Manor police chief retired as interviews on formal complaint by village officer were finishing
Pelham Manor Police Chief Jeffrey Carpenter abruptly retired over Memorial Day weekend just as an investigator was concluding interviews about a formal complaint made by an officer in the village department, according to a emailed press release Monday from the Village of Pelham Manor.
The officer, the nature of the complaint and the names of police officers interviewed were all confidential, the statement said.
On March 16, said Monday’s statement, Trustee Breda Bennett received “a communication from a PMPD officer containing a formal complaint,” and the village board contacted outside employment counsel. The board also hired a “seasoned, independent investigator” to review what it called an “internal personnel matter.”
March 16 was election day in Pelham Manor. Mayor Jennifer Monachino Lapey and trustees Angela Michele DeLillo and Joseph Senerchia—all Republican incumbents—ran on a platform of providing high levels of service from village departments. The village’s police reform process was criticized by the Democratic opposition during the campaign. Carpenter played an important role in developing the village’s reform report. The incumbents swept the election.

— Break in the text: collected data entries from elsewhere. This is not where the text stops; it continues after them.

(* The relation $\prec$ on phasers, restricted to the set $\mathcal{P}^{WO}$ of well-ordered phasers, is a causality relation: (i) for all $P,Q,R\in\mathcal{P}^{WO}$, if $P\prec Q$ and $Q\prec R$ then $P\prec R$; (ii) for all $P\in\mathcal{P}^{WO}$, $\neg(P\prec P)$; (iii) for all $P,Q\in\mathcal{P}^{WO}$, if $P\prec Q$ then $\neg(Q\prec P)$.
   Context: A view is a record $v=(\mathrm{sp}(v),\mathrm{wp}(v),\mathrm{mode}(v))$ with $\mathrm{sp}(v),\mathrm{wp}(v)\in\mathbb{N}$ and $\mathrm{mode}(v)\in\{\mathtt{SW},\mathtt{SO},\mathtt{WO}\}$. $\mathrm{CanSignal}(v)$ iff $\mathrm{mode}(v)\in\{\mathtt{SW},\mathtt{SO}\}$; $\mathrm{CanWait}(v)$ iff $\mathrm{mode}(v)\in\{\mathtt{SW},\mathtt{WO}\}$. A phaser $P$ is a finite partial map from task identifiers to views. For views, $v_1\prec v_2$ iff $\mathrm{CanSignal}(v_1)$, $\mathrm{sp}(v_1)<\mathrm{wp}(v_2)$ and $\mathrm{CanWait}(v_2)$; and $v_1\unrhd v_2$ iff $\mathrm{mode}(v_1)=\mathtt{WO}$ or $\mathrm{sp}(v_1)\ge\mathrm{wp}(v_2)$ or $\mathrm{mode}(v_2)=\mathtt{SO}$. For phasers, $P\prec Q$ iff there exist $t\in\mathrm{dom}\,P$, $t'\in\mathrm{dom}\,Q$ with $P(t)\prec Q(t')$; $P\unrhd Q$ iff $P(t)\unrhd Q(t')$ for all $t\in\mathrm{dom}\,P$, $t'\in\mathrm{dom}\,Q$. $P$ is well-ordered iff $P\unrhd P$. *)

theory Defs
  imports Main
begin

datatype mode = SW | SO | WO

record view =
  sp :: nat
  wp :: nat
  vmode :: mode

definition can_signal :: "view \<Rightarrow> bool" where
  "can_signal v \<longleftrightarrow> vmode v \<in> {SW, SO}"

definition can_wait :: "view \<Rightarrow> bool" where
  "can_wait v \<longleftrightarrow> vmode v \<in> {SW, WO}"

definition view_prec :: "view \<Rightarrow> view \<Rightarrow> bool" where
  "view_prec v1 v2 \<longleftrightarrow> can_signal v1 \<and> sp v1 < wp v2 \<and> can_wait v2"

definition view_ge :: "view \<Rightarrow> view \<Rightarrow> bool" where
  "view_ge v1 v2 \<longleftrightarrow> vmode v1 = WO \<or> sp v1 \<ge> wp v2 \<or> vmode v2 = SO"

type_synonym 't phaser = "'t \<rightharpoonup> view"

definition is_phaser :: "'t phaser \<Rightarrow> bool" where
  "is_phaser P \<longleftrightarrow> finite (dom P)"

definition phaser_prec :: "'t phaser \<Rightarrow> 't phaser \<Rightarrow> bool" where
  "phaser_prec P Q \<longleftrightarrow>
     (\<exists>t\<in>dom P. \<exists>t'\<in>dom Q. view_prec (the (P t)) (the (Q t')))"

definition phaser_ge :: "'t phaser \<Rightarrow> 't phaser \<Rightarrow> bool" where
  "phaser_ge P Q \<longleftrightarrow>
     (\<forall>t\<in>dom P. \<forall>t'\<in>dom Q. view_ge (the (P t)) (the (Q t')))"

definition well_ordered :: "'t phaser \<Rightarrow> bool" where
  "well_ordered P \<longleftrightarrow> phaser_ge P P"

definition wo_phasers :: "'t phaser set" where
  "wo_phasers = {P. is_phaser P \<and> well_ordered P}"

end

theory Submission
  imports Defs
begin

text \<open>
  If \<open>v\<^sub>1 \<prec> v\<^sub>2\<close> and \<open>w\<^sub>1 \<prec> w\<^sub>2\<close> with \<open>w\<^sub>1 \<unrhd> v\<^sub>2\<close>, then \<open>w\<^sub>1\<close> can signal and
  \<open>v\<^sub>2\<close> can wait, so \<open>w\<^sub>1 \<unrhd> v\<^sub>2\<close> forces \<open>sp w\<^sub>1 \<ge> wp v\<^sub>2\<close>; hence
  \<open>sp v\<^sub>1 < wp v\<^sub>2 \<le> sp w\<^sub>1 < wp w\<^sub>2\<close> and \<open>v\<^sub>1 \<prec> w\<^sub>2\<close>. Well-orderedness of the
  middle phaser provides exactly this \<open>\<unrhd>\<close> between its views, which gives
  transitivity; irreflexivity is the special case \<open>v = w\<close>.
\<close>

lemma view_prec_trans_via_ge:
  assumes "view_prec v1 v2" "view_ge w1 v2" "view_prec w1 w2"
  shows "view_prec v1 w2"
  using assms unfolding view_prec_def view_ge_def can_signal_def can_wait_def by auto

lemma view_ge_imp_not_prec:
  assumes "view_ge v w"
  shows "\<not> view_prec v w"
  using assms unfolding view_prec_def view_ge_def can_signal_def can_wait_def by auto

lemma phaser_prec_trans:
  assumes "well_ordered Q" "phaser_prec P Q" "phaser_prec Q R"
  shows "phaser_prec P R"
proof -
  obtain a b where ab: "a \<in> dom P" "b \<in> dom Q" "view_prec (the (P a)) (the (Q b))"
    using assms(2) unfolding phaser_prec_def by blast
  obtain c d where cd: "c \<in> dom Q" "d \<in> dom R" "view_prec (the (Q c)) (the (R d))"
    using assms(3) unfolding phaser_prec_def by blast
  have "view_ge (the (Q c)) (the (Q b))"
    using assms(1) ab(2) cd(1) unfolding well_ordered_def phaser_ge_def by blast
  then have "view_prec (the (P a)) (the (R d))"
    using ab(3) cd(3) by (blast intro: view_prec_trans_via_ge)
  with ab(1) cd(2) show ?thesis unfolding phaser_prec_def by blast
qed

lemma well_ordered_imp_not_phaser_prec_self:
  assumes "well_ordered P"
  shows "\<not> phaser_prec P P"
  using assms view_ge_imp_not_prec
  unfolding well_ordered_def phaser_ge_def phaser_prec_def by blast

lemma wo_phasers_well_ordered: "P \<in> wo_phasers \<Longrightarrow> well_ordered P"
  unfolding wo_phasers_def by blast

theorem theorem1:
  shows "(\<forall>P\<in>wo_phasers. \<forall>Q\<in>wo_phasers. \<forall>R\<in>wo_phasers.
            phaser_prec P Q \<longrightarrow> phaser_prec Q R \<longrightarrow> phaser_prec P R)
       \<and> (\<forall>P\<in>wo_phasers. \<not> phaser_prec P P)
       \<and> (\<forall>P\<in>wo_phasers. \<forall>Q\<in>wo_phasers. phaser_prec P Q \<longrightarrow> \<not> phaser_prec Q P)"
proof (intro conjI ballI impI)
  fix P Q R
  assume "Q \<in> wo_phasers" "phaser_prec P Q" "phaser_prec Q R"
  then show "phaser_prec P R"
    using phaser_prec_trans wo_phasers_well_ordered by blast
next
  fix P assume "P \<in> wo_phasers"
  then show "\<not> phaser_prec P P"
    using well_ordered_imp_not_phaser_prec_self wo_phasers_well_ordered by blast
next
  fix P Q
  assume "P \<in> wo_phasers" "Q \<in> wo_phasers" "phaser_prec P Q"
  then show "\<not> phaser_prec Q P"
    using phaser_prec_trans well_ordered_imp_not_phaser_prec_self wo_phasers_well_ordered
    by blast
qed

end
(* Let $\alpha>-1$ and let $\varphi$ be a holomorphic self-map of $\mathbb{D}$. Then the adjoint of the composition operator $C_\varphi:A^2_\alpha(\mathbb{D})\to A^2_\alpha(\mathbb{D})$ is itself a composition operator (i.e. $C_\varphi^*=C_\psi$ for some holomorphic self-map $\psi$ of $\mathbb{D}$) if and only if $\varphi(z)=\delta z$ for some $\delta\in\mathbb{C}$ with $|\delta|\le1$.
   Context: $\mathbb{D}$ is the open unit disc and $dA$ the normalized area measure on $\mathbb{D}$. For $\alpha>-1$, the weighted Bergman space $A^2_\alpha(\mathbb{D})$ consists of holomorphic $f$ on $\mathbb{D}$ with $\|f\|^2=\int_{\mathbb{D}}|f(z)|^2(1-|z|^2)^\alpha\,dA(z)<\infty$; it is a reproducing kernel Hilbert space with kernel $\kappa_w(z)=(1-\overline{w}z)^{-(\alpha+2)}$ (up to the normalization of the measure). $C_\varphi f=f\circ\varphi$. *)

theory Defs
  imports "HOL-Analysis.Analysis" "HOL-Complex_Analysis.Complex_Analysis"
begin

text \<open>Weighted Bergman space A^2_alpha on the unit disc, with normalized area
measure dA = (1/pi) dx dy. Functions are total on the complex plane; only
their values on the disc matter.\<close>

definition bergman_weight :: "real \<Rightarrow> complex \<Rightarrow> real" where
  "bergman_weight \<alpha> z = (1 - (norm z)\<^sup>2) powr \<alpha> / pi"

definition A2 :: "real \<Rightarrow> (complex \<Rightarrow> complex) set" where
  "A2 \<alpha> = {f. f holomorphic_on ball 0 1 \<and>
     set_integrable lborel (ball 0 1) (\<lambda>z. (norm (f z))\<^sup>2 * bergman_weight \<alpha> z)}"

definition A2_inner :: "real \<Rightarrow> (complex \<Rightarrow> complex) \<Rightarrow> (complex \<Rightarrow> complex) \<Rightarrow> complex" where
  "A2_inner \<alpha> f g = (LINT z : ball 0 1 | lborel. f z * cnj (g z) * complex_of_real (bergman_weight \<alpha> z))"
text \<open>Generators of \<open>(I(E) : x\<^sup>A) + (x\<^sub>b : b \<in> B)\<close>; the edges meeting \<open>B\<close> are redundant.\<close>

definition colon_plus_gens :: "'n set set \<Rightarrow> 'n set \<Rightarrow> 'n set \<Rightarrow> 'n set set" where
  "colon_plus_gens E A B = (\<lambda>g. g - A) ` avoiding_edges E B \<union> (\<lambda>b. {b}) ` B"

definition linear_vars :: "'n set set \<Rightarrow> 'n set \<Rightarrow> 'n set \<Rightarrow> 'n set" where
  "linear_vars E A B = {v. \<exists>g\<in>avoiding_edges E B. g - A = {v}}"

lemma colon_plus_gens_empty: "colon_plus_gens E {} {} = E"
  by (simp add: colon_plus_gens_def avoiding_edges_def)

lemma covers_colon_plus_gens:
  "covers (colon_plus_gens E A B) X \<longleftrightarrow> (\<exists>g\<in>avoiding_edges E B. g - A \<subseteq> X) \<or> B \<inter> X \<noteq> {}"
  unfolding colon_plus_gens_def covers_Un covers_image by auto

lemma colon_plus_gens_colon:
  assumes "x \<notin> B"
  shows "(\<lambda>g. g - {x}) ` colon_plus_gens E A B = colon_plus_gens E (insert x A) B"
proof -
  have "(\<lambda>g. g - {x}) ` (\<lambda>g. g - A) ` avoiding_edges E B = (\<lambda>g. g - insert x A) ` avoiding_edges E B"
    unfolding image_image by (intro image_cong) auto
  moreover have "(\<lambda>g. g - {x}) ` (\<lambda>b. {b}) ` B = (\<lambda>b. {b}) ` B"
    unfolding image_image using assms by (intro image_cong) auto
  ultimately show ?thesis unfolding colon_plus_gens_def image_Un by simp
qed

lemma covers_colon_plus_gens_plus:
  assumes "x \<notin> A"
  shows "covers (insert {x} (colon_plus_gens E A B)) X \<longleftrightarrow> covers (colon_plus_gens E A (insert x B)) X"
proof -
  have "avoiding_edges E (insert x B) = {g\<in>avoiding_edges E B. x \<notin> g}"
    unfolding avoiding_edges_def by blast
  moreover have "g - A \<subseteq> X \<longleftrightarrow> g - A \<subseteq> X \<and> x \<notin> g \<or> x \<in> X \<and> g - A \<subseteq> X" for g
    using assms by blast
  ultimately show ?thesis
    unfolding covers_insert covers_colon_plus_gens by blast
qed

lemma colon_eq_var_ideal_colon_plus_gens:
  assumes "\<forall>g\<in>avoiding_edges E B. (g - A) \<inter> linear_vars E A B \<noteq> {}"
  shows "colon_eq_var_ideal (colon_plus_gens E A B) {} (B \<union> linear_vars E A B)"
  unfolding colon_eq_var_ideal_def covers_colon_plus_gens Un_empty_right
proof (intro allI iffI)
  fix T
  assume "(\<exists>g\<in>avoiding_edges E B. g - A \<subseteq> T) \<or> B \<inter> T \<noteq> {}"
  then consider g where "g \<in> avoiding_edges E B" "g - A \<subseteq> T" | "B \<inter> T \<noteq> {}" by auto
  then show "T \<inter> (B \<union> linear_vars E A B) \<noteq> {}"
  proof cases
    case 1
    then show ?thesis using assms by blast
  qed blast
next
  fix T
  assume "T \<inter> (B \<union> linear_vars E A B) \<noteq> {}"
  then obtain v where v: "v \<in> T" "v \<in> B \<or> v \<in> linear_vars E A B" by blast
  show "(\<exists>g\<in>avoiding_edges E B. g - A \<subseteq> T) \<or> B \<inter> T \<noteq> {}"
  proof (cases "v \<in> B")
    case False
    then obtain g where "g \<in> avoiding_edges E B" "g - A = {v}"
      using v(2) unfolding linear_vars_def by blast
    then show ?thesis using v(1) by auto
  qed (use v in blast)
qed

definition blocked :: "'n set set \<Rightarrow> 'n set \<Rightarrow> 'n set \<Rightarrow> 'n \<Rightarrow> bool" where
  "blocked E A B u \<longleftrightarrow> u \<notin> A \<and> u \<notin> B \<and> (\<forall>g\<in>E. u \<in> g \<longrightarrow> g \<inter> B \<noteq> {})"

A month earlier on Feb. 11, Bennett, who serves as police commissioner, received an “anonymous communication alleging low morale in the department,” the Pelham Manor statement said. At the time, Village Manager John Pierpont began an internal investigation, “despite the difficulty in verifying anonymous statements,” the village said.
The Westchester Rockland Journal News previously reported the anonymous email.
“The village entered into an agreement with Chief Carpenter, which under federal law, was not enforceable until seven days after execution,” said the statement, without providing further details on the agreement.
Carpenter was promoted after then Pelham Manor Police Chief Alfred Mosiello was forced out of office in February 2015 over racist emails he shared with fellow officers, according to an article in the Journal News. The paper later reported Mosiello got back back $25,000 in salary and vacation days from a January 2015 suspension imposed by the village board due to the emails.